> [TASK TO COMPLETE]:
The required result is every line of the records that includes "lambda".

Saved entries:
══════

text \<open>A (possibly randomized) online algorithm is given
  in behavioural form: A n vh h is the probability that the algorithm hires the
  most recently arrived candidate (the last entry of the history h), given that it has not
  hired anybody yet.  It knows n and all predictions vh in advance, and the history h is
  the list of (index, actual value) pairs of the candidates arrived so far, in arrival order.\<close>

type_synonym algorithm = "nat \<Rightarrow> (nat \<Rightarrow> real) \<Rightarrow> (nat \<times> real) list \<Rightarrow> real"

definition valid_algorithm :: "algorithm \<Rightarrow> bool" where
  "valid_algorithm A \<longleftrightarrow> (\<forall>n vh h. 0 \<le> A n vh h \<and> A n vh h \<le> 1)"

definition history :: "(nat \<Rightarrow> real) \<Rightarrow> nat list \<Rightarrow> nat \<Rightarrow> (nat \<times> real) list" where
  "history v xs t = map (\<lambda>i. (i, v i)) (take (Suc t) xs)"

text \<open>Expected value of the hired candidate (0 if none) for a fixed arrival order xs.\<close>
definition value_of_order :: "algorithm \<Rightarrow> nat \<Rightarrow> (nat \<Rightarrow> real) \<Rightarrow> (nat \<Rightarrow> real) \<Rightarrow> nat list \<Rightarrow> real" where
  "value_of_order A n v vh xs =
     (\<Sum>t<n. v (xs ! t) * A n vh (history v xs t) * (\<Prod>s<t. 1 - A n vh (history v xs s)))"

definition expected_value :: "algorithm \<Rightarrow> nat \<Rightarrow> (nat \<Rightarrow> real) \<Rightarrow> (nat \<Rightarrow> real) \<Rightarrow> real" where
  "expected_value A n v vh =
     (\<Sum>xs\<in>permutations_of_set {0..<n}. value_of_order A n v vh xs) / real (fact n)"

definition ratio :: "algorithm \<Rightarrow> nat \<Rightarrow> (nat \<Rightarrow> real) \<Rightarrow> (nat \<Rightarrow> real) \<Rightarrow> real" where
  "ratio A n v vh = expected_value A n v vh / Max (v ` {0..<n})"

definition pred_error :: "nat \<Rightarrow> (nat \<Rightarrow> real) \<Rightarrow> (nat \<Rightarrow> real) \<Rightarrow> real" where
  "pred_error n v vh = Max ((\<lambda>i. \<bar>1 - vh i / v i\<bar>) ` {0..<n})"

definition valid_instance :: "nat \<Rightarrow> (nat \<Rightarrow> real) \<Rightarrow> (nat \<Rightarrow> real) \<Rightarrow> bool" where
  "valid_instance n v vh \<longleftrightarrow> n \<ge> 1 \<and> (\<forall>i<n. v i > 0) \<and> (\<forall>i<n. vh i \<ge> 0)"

══════

> [ANSWER BELOW]:
  "history v xs t = map (\<lambda>i. (i, v i)) (take (Suc t) xs)"
  "pred_error n v vh = Max ((\<lambda>i. \<bar>1 - vh i / v i\<bar>) ` {0..<n})"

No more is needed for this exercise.